Exercise requirements >>
The lines wanted are those in the data below that include "moreover".

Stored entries
lemma incomplete_open_cube_edge_set_iff:
  assumes l: "length xs = 12"
  shows "incomplete_open_cube (edge_set xs) \<longleftrightarrow> good_bits xs"
proof -
  have ne: "edge_set xs \<noteq> {} \<longleftrightarrow> list_ex id xs"
    using l unfolding edge_set_def list_ex_length by auto
  have sub: "{k. k < 12 \<and> xs ! k} \<subseteq> {..<12}" by auto
  have "edge_set xs = cube_E \<longleftrightarrow> {k. k < 12 \<and> xs ! k} = {..<12}"
    unfolding edge_set_def cube_E_eq by (simp add: inj_on_image_eq_iff[OF inj_on_cube_edge sub])
  also have "\<dots> \<longleftrightarrow> list_all id xs" using l unfolding list_all_length by auto
  finally show ?thesis
    using edge_set_subset_cube_E ne edge_graph_connected_edge_set_iff_connected_bits[OF _ l]
      non_planar_edge_set_iff
    unfolding incomplete_open_cube_def good_bits_def by auto
qed

section \<open>Counting orbits\<close>

fun lex_le :: "bool list \<Rightarrow> bool list \<Rightarrow> bool" where
  "lex_le [] ys = True"
| "lex_le (x # xs) [] = True"
| "lex_le (x # xs) (y # ys) = (if x = y then lex_le xs ys else y)"

lemma lex_le_iff_less_eq: "length xs = length ys \<Longrightarrow> lex_le xs ys \<longleftrightarrow> xs \<le> ys"
proof (induction xs arbitrary: ys)
  case (Cons x xs)
  then obtain y ys' where "ys = y # ys'" "length xs = length ys'" by (cases ys) auto
  with Cons.IH show ?case by (auto simp: less_bool_def)
qed simp

fun lex_le_all :: "bool list \<Rightarrow> bool list list \<Rightarrow> bool" where
  "lex_le_all xs [] = True"
| "lex_le_all xs (ys # yss) = (if lex_le xs ys then lex_le_all xs yss else False)"

definition orbit_min_bits :: "bool list \<Rightarrow> bool" where
  "orbit_min_bits xs = lex_le_all xs (map (\<lambda>q. permute_bits q xs) rotation_edge_perms)"
(* Let $|\psi\rangle\in(\mathbb{C}^d)^{\otimes n}$ be a normalized state such that every element of the stabilizer of $|\psi\rangle^{\otimes 2}$ is unitary. Let $g_1,g_2$ be local invertible operators, $g_k=\bigotimes_{i=1}^n g_k^{(i)}$ with $g_k^{(i)}\in\mathrm{GL}(d,\mathbb{C})$. Then $$p^{\mathrm{SEP}}_{\max}\!\left(g_1|\psi\rangle\otimes g_2|\psi\rangle\mapsto|\psi\rangle^{\otimes 2}\right)=p^{\mathrm{SEP}}_{\max}\!\left(g_1|\psi\rangle\mapsto|\psi\rangle\right)\,p^{\mathrm{SEP}}_{\max}\!\left(g_2|\psi\rangle\mapsto|\psi\rangle\right),$$ where initial states are normalized.
   Context: The two-copy states are regarded as $n$-partite states in which party $i$ holds subsystem $i$ of both copies (local dimension $d^2$). The stabilizer of $|\psi\rangle^{\otimes 2}$ is the set of $S=\bigotimes_i S^{(i)}$ with $S^{(i)}\in\mathrm{GL}(d^2,\mathbb{C})$ and $S|\psi\rangle^{\otimes 2}=|\psi\rangle^{\otimes 2}$. $p^{\mathrm{SEP}}_{\max}(|a\rangle\mapsto|b\rangle)$ denotes the maximal success probability of transforming $|a\rangle$ into $|b\rangle$ by separable operations with respect to the relevant party partition. A separable operation is one whose Kraus operators have product form over the parties, with $\sum_k M_k^\dagger M_k\le\mathbb{1}$. Its success probability is $\sum_k\|M_k|a\rangle\|^2$, summed over the branches with $M_k|a\rangle\propto|b\rangle$. *)

theory Defs
  imports Complex_Main
begin

text \<open>n-partite pure states with local dimension D: complex amplitudes indexed by
  lists xs of length n with entries < D (computational basis).  Values outside
  this index set are irrelevant (all sums and comparisons range over idx n D).\<close>

definition idx :: "nat \<Rightarrow> nat \<Rightarrow> nat list set" where
  "idx n D = {xs. length xs = n \<and> (\<forall>x\<in>set xs. x < D)}"

type_synonym state = "nat list \<Rightarrow> complex"
type_synonym lop = "nat \<Rightarrow> nat \<Rightarrow> complex"  \<comment> \<open>local D x D matrix\<close>

definition vnorm2 :: "nat \<Rightarrow> nat \<Rightarrow> state \<Rightarrow> real" where
  "vnorm2 n D v = (\<Sum>xs\<in>idx n D. (cmod (v xs))^2)"
lemma margin_large_nu:
  fixes s \<nu> K :: real
  assumes "s > 0" and "\<nu> > 1/2" and K_def: "K = 1 + 2 * (1 + sqrt 2) * \<nu>"
  shows "s / (2 * K) \<le> s\<^sup>2 / (s + (6 * s / (5 * K) + \<nu> * s)) - 6 * s / (5 * K)"
proof -
  have "sqrt 2 \<ge> 7/5"
    by (rule real_le_rsqrt) (simp add: power2_eq_square)
  then have K_ge: "K \<ge> 1 + 24/5 * \<nu>"
    using \<open>\<nu> > 1/2\<close> by (simp add: K_def algebra_simps)
  have "K * (1 + 24/5 * \<nu>) \<le> K * K"
    using K_ge \<open>\<nu> > 1/2\<close> by (intro mult_left_mono) simp_all
  moreover have "K * (1/2) \<le> K * \<nu>"
    using K_ge \<open>\<nu> > 1/2\<close> by (intro mult_left_mono) simp_all
  moreover have "K * (1 + 24/5 * \<nu>) = K + 24/5 * (K * \<nu>)"
    by (simp add: algebra_simps)
  ultimately have "17 * K + 17 * (K * \<nu>) + 102/5 \<le> 10 * (K * K)"
    using K_ge \<open>\<nu> > 1/2\<close> by linarith
  then have ratio: "(17 * K + 17 * (K * \<nu>) + 102/5) / (10 * (K * K)) \<le> 1"
    using K_ge \<open>\<nu> > 1/2\<close> by simp
  have "(s / (2 * K) + 6 * s / (5 * K)) * (s + (6 * s / (5 * K) + \<nu> * s))
      = s\<^sup>2 * ((17 * K + 17 * (K * \<nu>) + 102/5) / (10 * (K * K)))"
    using K_ge \<open>\<nu> > 1/2\<close> by (simp add: field_simps power2_eq_square)
  also have "\<dots> \<le> s\<^sup>2"
    using mult_left_mono[OF ratio, of "s\<^sup>2"] by simp
  moreover have "s + (6 * s / (5 * K) + \<nu> * s) > 0"
    using K_ge \<open>\<nu> > 1/2\<close> \<open>s > 0\<close> by (intro add_pos_pos) simp_all
  ultimately have "s / (2 * K) + 6 * s / (5 * K) \<le> s\<^sup>2 / (s + (6 * s / (5 * K) + \<nu> * s))"
    by (simp only: pos_le_divide_eq)
  then show ?thesis
    by simp
qed

lemma factors_bounded_below_near_orbit:
  fixes U :: "real^'r^'d1" and V :: "real^'r^'d2" and A :: "real^'r^'r"
  assumes U: "transpose U ** U = mat 1" and V: "transpose V ** V = mat 1"
    and A: "invertible A" and "s > 0" and d_ge: "\<And>i. s \<le> d i"
    and X_close: "norm (X - U ** diagm d) \<le> \<epsilon>"
    and Y_close: "norm (Y - diagm d ** transpose V) \<le> \<epsilon>"
    and X_orbit: "norm (X - U ** diagm d ** A) \<le> \<delta>"
    and Y_orbit: "norm (Y - matrix_inv A ** (diagm d ** transpose V)) \<le> \<delta>"
  shows "bounded_below (s\<^sup>2 / (s + (\<delta> + \<epsilon>)) - \<delta>) (transpose U ** X)"
    and "bounded_below (s\<^sup>2 / (s + (\<delta> + \<epsilon>)) - \<delta>) (transpose Y)"
proof -
  define D where "D = diagm d"
  have "norm (D ** A - D) = norm ((X - U ** D) - (X - U ** D ** A))"
    by (simp add: norm_isometry_mult[OF U, symmetric] matrix_mult_diff_distrib matrix_mul_assoc)
  also have "\<dots> \<le> \<delta> + \<epsilon>"
    using norm_triangle_ineq4[of "X - U ** D" "X - U ** D ** A"] X_close X_orbit
    unfolding D_def by linarith
  finally have B_near: "norm (D ** A - D) \<le> \<delta> + \<epsilon>" .
  have "norm (matrix_inv A ** D - D)
      = norm ((Y - D ** transpose V) - (Y - matrix_inv A ** (D ** transpose V)))"
    by (simp add: norm_mult_transpose_isometry[OF V, symmetric] matrix_mult_diff_rdistrib
        matrix_mul_assoc)
  also have "\<dots> \<le> \<delta> + \<epsilon>"
    using norm_triangle_ineq4[of "Y - D ** transpose V" "Y - matrix_inv A ** (D ** transpose V)"]
      Y_close Y_orbit
    unfolding D_def by linarith
  finally have C_near: "norm (matrix_inv A ** D - D) \<le> \<delta> + \<epsilon>" .
  note balanced = balanced_factors_bounded_below[OF A \<open>s > 0\<close> d_ge B_near[unfolded D_def]
      C_near[unfolded D_def]]
  show "bounded_below (s\<^sup>2 / (s + (\<delta> + \<epsilon>)) - \<delta>) (transpose U ** X)"
    and "bounded_below (s\<^sup>2 / (s + (\<delta> + \<epsilon>)) - \<delta>) (transpose Y)"
    using factors_bounded_below[OF U V balanced] X_orbit Y_orbit by (simp_all add: matrix_mul_assoc)
qed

Worked solution >>
  moreover have "K * (1/2) \<le> K * \<nu>"
  moreover have "K * (1 + 24/5 * \<nu>) = K + 24/5 * (K * \<nu>)"
  moreover have "s + (6 * s / (5 * K) + \<nu> * s) > 0"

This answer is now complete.